§ **Data provided**:
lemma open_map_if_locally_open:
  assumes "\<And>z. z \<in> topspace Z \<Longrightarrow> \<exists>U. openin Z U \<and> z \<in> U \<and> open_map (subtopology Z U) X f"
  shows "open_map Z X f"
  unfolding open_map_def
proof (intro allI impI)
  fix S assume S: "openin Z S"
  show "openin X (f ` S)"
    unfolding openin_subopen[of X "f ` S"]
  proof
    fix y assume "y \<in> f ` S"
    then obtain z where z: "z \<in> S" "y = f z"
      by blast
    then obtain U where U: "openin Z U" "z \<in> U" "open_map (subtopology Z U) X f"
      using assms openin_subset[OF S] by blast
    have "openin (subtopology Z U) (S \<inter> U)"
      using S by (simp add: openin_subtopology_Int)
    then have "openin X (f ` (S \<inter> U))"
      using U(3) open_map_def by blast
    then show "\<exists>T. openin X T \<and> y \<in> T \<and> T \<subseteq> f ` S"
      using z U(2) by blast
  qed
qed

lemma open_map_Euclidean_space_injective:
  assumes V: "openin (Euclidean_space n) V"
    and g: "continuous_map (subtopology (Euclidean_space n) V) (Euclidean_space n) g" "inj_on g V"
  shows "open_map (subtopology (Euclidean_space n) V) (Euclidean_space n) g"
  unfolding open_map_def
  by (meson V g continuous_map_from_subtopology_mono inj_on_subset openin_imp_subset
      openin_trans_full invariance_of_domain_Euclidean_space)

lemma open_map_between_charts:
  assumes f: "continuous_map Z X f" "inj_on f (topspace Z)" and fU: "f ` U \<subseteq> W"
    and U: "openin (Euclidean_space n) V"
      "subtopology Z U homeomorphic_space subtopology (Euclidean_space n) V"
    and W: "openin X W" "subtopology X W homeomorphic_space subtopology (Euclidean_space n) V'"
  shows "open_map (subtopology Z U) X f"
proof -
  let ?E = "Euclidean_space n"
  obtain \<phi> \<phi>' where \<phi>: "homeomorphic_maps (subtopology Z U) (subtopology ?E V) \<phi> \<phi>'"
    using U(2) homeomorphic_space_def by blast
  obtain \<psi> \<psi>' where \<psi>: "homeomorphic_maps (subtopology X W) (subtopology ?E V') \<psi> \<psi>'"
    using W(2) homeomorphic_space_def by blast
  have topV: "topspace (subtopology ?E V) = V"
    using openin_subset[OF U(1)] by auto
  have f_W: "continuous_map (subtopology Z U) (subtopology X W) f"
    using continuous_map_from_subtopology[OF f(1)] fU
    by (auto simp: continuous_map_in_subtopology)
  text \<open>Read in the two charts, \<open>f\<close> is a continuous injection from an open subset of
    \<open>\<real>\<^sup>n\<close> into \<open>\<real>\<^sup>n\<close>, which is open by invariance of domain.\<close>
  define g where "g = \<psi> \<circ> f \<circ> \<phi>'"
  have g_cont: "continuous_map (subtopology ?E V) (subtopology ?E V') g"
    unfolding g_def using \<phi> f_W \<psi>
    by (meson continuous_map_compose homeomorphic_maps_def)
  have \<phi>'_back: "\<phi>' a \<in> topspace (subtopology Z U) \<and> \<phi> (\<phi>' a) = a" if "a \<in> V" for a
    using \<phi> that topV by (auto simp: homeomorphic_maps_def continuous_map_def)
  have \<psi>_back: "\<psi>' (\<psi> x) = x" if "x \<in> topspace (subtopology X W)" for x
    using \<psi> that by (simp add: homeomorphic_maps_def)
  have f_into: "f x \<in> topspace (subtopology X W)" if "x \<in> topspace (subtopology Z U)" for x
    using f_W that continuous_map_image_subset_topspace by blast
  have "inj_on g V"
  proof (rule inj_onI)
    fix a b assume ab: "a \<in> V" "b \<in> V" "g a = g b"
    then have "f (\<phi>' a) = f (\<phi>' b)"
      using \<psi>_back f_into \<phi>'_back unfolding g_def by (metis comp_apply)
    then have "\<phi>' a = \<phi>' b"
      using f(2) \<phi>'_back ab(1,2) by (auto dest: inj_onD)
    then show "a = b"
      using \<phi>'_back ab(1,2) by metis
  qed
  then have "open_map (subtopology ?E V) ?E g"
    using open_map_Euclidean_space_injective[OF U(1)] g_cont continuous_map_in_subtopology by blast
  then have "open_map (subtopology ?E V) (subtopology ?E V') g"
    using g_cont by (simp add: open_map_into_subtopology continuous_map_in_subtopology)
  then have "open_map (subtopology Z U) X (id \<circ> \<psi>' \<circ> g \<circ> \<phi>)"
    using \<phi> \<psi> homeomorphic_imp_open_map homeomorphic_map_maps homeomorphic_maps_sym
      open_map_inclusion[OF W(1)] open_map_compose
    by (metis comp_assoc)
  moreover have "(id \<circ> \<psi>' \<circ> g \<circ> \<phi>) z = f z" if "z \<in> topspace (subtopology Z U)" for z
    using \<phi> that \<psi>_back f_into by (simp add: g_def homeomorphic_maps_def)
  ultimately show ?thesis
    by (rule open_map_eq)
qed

§ **Activity**: Whenever the string "obtain" shows up on a line of the listing, copy that line.

§ **Written solution**:
    then obtain z where z: "z \<in> S" "y = f z"
    then obtain U where U: "openin Z U" "z \<in> U" "open_map (subtopology Z U) X f"
  obtain \<phi> \<phi>' where \<phi>: "homeomorphic_maps (subtopology Z U) (subtopology ?E V) \<phi> \<phi>'"
  obtain \<psi> \<psi>' where \<psi>: "homeomorphic_maps (subtopology X W) (subtopology ?E V') \<psi> \<psi>'"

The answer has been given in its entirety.